┏━━
lemma gen_apply_outside: "u \<notin> carrier G \<Longrightarrow> gen_apply G act I s f a u = (\<lambda>_. 0)"
  unfolding gen_apply_def by auto

subsection \<open>Generalized measures are contractions\<close>

text \<open>In the representation pi_x, the i-th term of \<mu> a is a tested against the vector \<xi>
multiplied by f_i and translated by s_i.\<close>

definition shifted_vec :: "('i \<Rightarrow> 'g) \<Rightarrow> ('i \<Rightarrow> 'x \<Rightarrow> real) \<Rightarrow> ('g \<Rightarrow> complex) \<Rightarrow> 'x \<Rightarrow> 'i \<Rightarrow> 'g \<Rightarrow> complex"
  where "shifted_vec s f \<xi> x i t = \<xi> (s i \<otimes> t) * complex_of_real (f i (act (s i \<otimes> t) x))"

lemma rep_coord_gen_apply:
  assumes sI: "\<And>i. i \<in> I \<Longrightarrow> s i \<in> carrier G" and fI: "finite I"
    and F: "F \<subseteq> carrier G" and r: "r \<in> carrier G"
  shows "rep_coord (gen_apply G act I s f a) x F \<xi> r =
    (\<Sum>i\<in>I. complex_of_real (f i (act r x)) *
       rep_coord a x ((\<lambda>t. inv (s i) \<otimes> t) ` F) (shifted_vec s f \<xi> x i) (inv (s i) \<otimes> r))"
proof -
  let ?a = "\<lambda>i t. a (inv (s i) \<otimes> (r \<otimes> inv t) \<otimes> s i) (act (inv (s i) \<otimes> r) x)"
  have "rep_coord (gen_apply G act I s f a) x F \<xi> r =
      (\<Sum>t\<in>F. \<Sum>i\<in>I. complex_of_real (f i (act r x)) * (\<xi> t * complex_of_real (f i (act t x)) * ?a i t))"
    unfolding rep_coord_def
  proof (rule sum.cong[OF refl])
    fix t assume "t \<in> F"
    with F r have tc: "t \<in> carrier G" "r \<otimes> inv t \<in> carrier G" by auto
    have "\<And>i. i \<in> I \<Longrightarrow> act (inv (s i)) (act r x) = act (inv (s i) \<otimes> r) x"
      using sI r by (simp add: act_act)
    moreover have "act (inv (r \<otimes> inv t)) (act r x) = act t x"
      using tc r by (simp add: act_act inv_mult_inv_mult)
    ultimately show "\<xi> t * gen_apply G act I s f a (r \<otimes> inv t) (act r x) =
        (\<Sum>i\<in>I. complex_of_real (f i (act r x)) * (\<xi> t * complex_of_real (f i (act t x)) * ?a i t))"
      using tc fI by (simp add: gen_apply_finite sum_distrib_left mult_ac)
  qed
  also have "\<dots> = (\<Sum>i\<in>I. complex_of_real (f i (act r x)) *
      (\<Sum>t\<in>F. \<xi> t * complex_of_real (f i (act t x)) * ?a i t))"
    by (subst sum.swap) (simp add: sum_distrib_left)
  also have "\<dots> = (\<Sum>i\<in>I. complex_of_real (f i (act r x)) *
       rep_coord a x ((\<lambda>t. inv (s i) \<otimes> t) ` F) (shifted_vec s f \<xi> x i) (inv (s i) \<otimes> r))"
  proof (rule sum.cong[OF refl])
    fix i assume i: "i \<in> I"
    have conj: "(inv (s i) \<otimes> r) \<otimes> inv (inv (s i) \<otimes> t) = inv (s i) \<otimes> (r \<otimes> inv t) \<otimes> s i"
      if "t \<in> carrier G" for t
      using that sI[OF i] r by (simp add: inv_mult_group m_assoc)
    have "(\<Sum>t\<in>F. \<xi> t * complex_of_real (f i (act t x)) * ?a i t) =
      rep_coord a x ((\<lambda>t. inv (s i) \<otimes> t) ` F) (shifted_vec s f \<xi> x i) (inv (s i) \<otimes> r)"
      unfolding rep_coord_def sum.reindex[OF inj_on_mult_inv_left[OF sI[OF i] F]] using F sI[OF i]
      by (intro sum.cong refl) (auto simp: shifted_vec_def conj mult_inv_cancel_left subsetD)
    then show "complex_of_real (f i (act r x)) * (\<Sum>t\<in>F. \<xi> t * complex_of_real (f i (act t x)) * ?a i t) =
      complex_of_real (f i (act r x)) *
        rep_coord a x ((\<lambda>t. inv (s i) \<otimes> t) ` F) (shifted_vec s f \<xi> x i) (inv (s i) \<otimes> r)"
      by simp
  qed
  finally show ?thesis .
qed

lemma rep_coord_gen_apply_squared_le:
  assumes gp: "gen_prob G I s f" and fI: "finite I" and F: "F \<subseteq> carrier G" and r: "r \<in> carrier G"
  shows "(cmod (rep_coord (gen_apply G act I s f a) x F \<xi> r))\<^sup>2 \<le>
    (\<Sum>i\<in>I. (cmod (rep_coord a x ((\<lambda>t. inv (s i) \<otimes> t) ` F) (shifted_vec s f \<xi> x i) (inv (s i) \<otimes> r)))\<^sup>2)"
    (is "_ \<le> (\<Sum>i\<in>I. (cmod (?c i))\<^sup>2)")
proof -
  have f_nonneg: "\<And>i y. i \<in> I \<Longrightarrow> f i y \<ge> 0" using gp by (auto simp: gen_prob_def)
  have expand: "rep_coord (gen_apply G act I s f a) x F \<xi> r = (\<Sum>i\<in>I. complex_of_real (f i (act r x)) * ?c i)"
    by (rule rep_coord_gen_apply[of I s, OF gen_prob_carrier[OF gp] fI F r])
  have "cmod (rep_coord (gen_apply G act I s f a) x F \<xi> r) \<le> (\<Sum>i\<in>I. f i (act r x) * cmod (?c i))"
    unfolding expand by (rule order_trans[OF norm_sum]) (simp add: norm_mult f_nonneg)
  then have "(cmod (rep_coord (gen_apply G act I s f a) x F \<xi> r))\<^sup>2 \<le> (\<Sum>i\<in>I. f i (act r x) * cmod (?c i))\<^sup>2"
    by (intro power_mono) auto
  also have "\<dots> \<le> (\<Sum>i\<in>I. (f i (act r x))\<^sup>2) * (\<Sum>i\<in>I. (cmod (?c i))\<^sup>2)"
    by (rule Cauchy_Schwarz_ineq_sum)
  finally show ?thesis using gen_prob_sum_squares[OF gp fI] by simp
qed

lemma sum_shifted_vec_squared:
  assumes "s i \<in> carrier G" and "F \<subseteq> carrier G"
  shows "(\<Sum>t\<in>(\<lambda>t. inv (s i) \<otimes> t) ` F. (cmod (shifted_vec s f \<xi> x i t))\<^sup>2)
    = (\<Sum>t\<in>F. (cmod (\<xi> t))\<^sup>2 * (f i (act t x))\<^sup>2)"
  unfolding sum.reindex[OF inj_on_mult_inv_left[OF assms]] using assms
  by (intro sum.cong refl) (auto simp: shifted_vec_def mult_inv_cancel_left subsetD norm_mult power_mult_distrib)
┗━━
** Task objective **
Since only part of the listing is wanted, copy exactly the lines from the one holding "t * gen_apply" to the one holding "using that sI[OF", both included.

** Response to this task **
    ultimately show "\<xi> t * gen_apply G act I s f a (r \<otimes> inv t) (act r x) =
        (\<Sum>i\<in>I. complex_of_real (f i (act r x)) * (\<xi> t * complex_of_real (f i (act t x)) * ?a i t))"
      using tc fI by (simp add: gen_apply_finite sum_distrib_left mult_ac)
  qed
  also have "\<dots> = (\<Sum>i\<in>I. complex_of_real (f i (act r x)) *
      (\<Sum>t\<in>F. \<xi> t * complex_of_real (f i (act t x)) * ?a i t))"
    by (subst sum.swap) (simp add: sum_distrib_left)
  also have "\<dots> = (\<Sum>i\<in>I. complex_of_real (f i (act r x)) *
       rep_coord a x ((\<lambda>t. inv (s i) \<otimes> t) ` F) (shifted_vec s f \<xi> x i) (inv (s i) \<otimes> r))"
  proof (rule sum.cong[OF refl])
    fix i assume i: "i \<in> I"
    have conj: "(inv (s i) \<otimes> r) \<otimes> inv (inv (s i) \<otimes> t) = inv (s i) \<otimes> (r \<otimes> inv t) \<otimes> s i"
      if "t \<in> carrier G" for t
      using that sI[OF i] r by (simp add: inv_mult_group m_assoc)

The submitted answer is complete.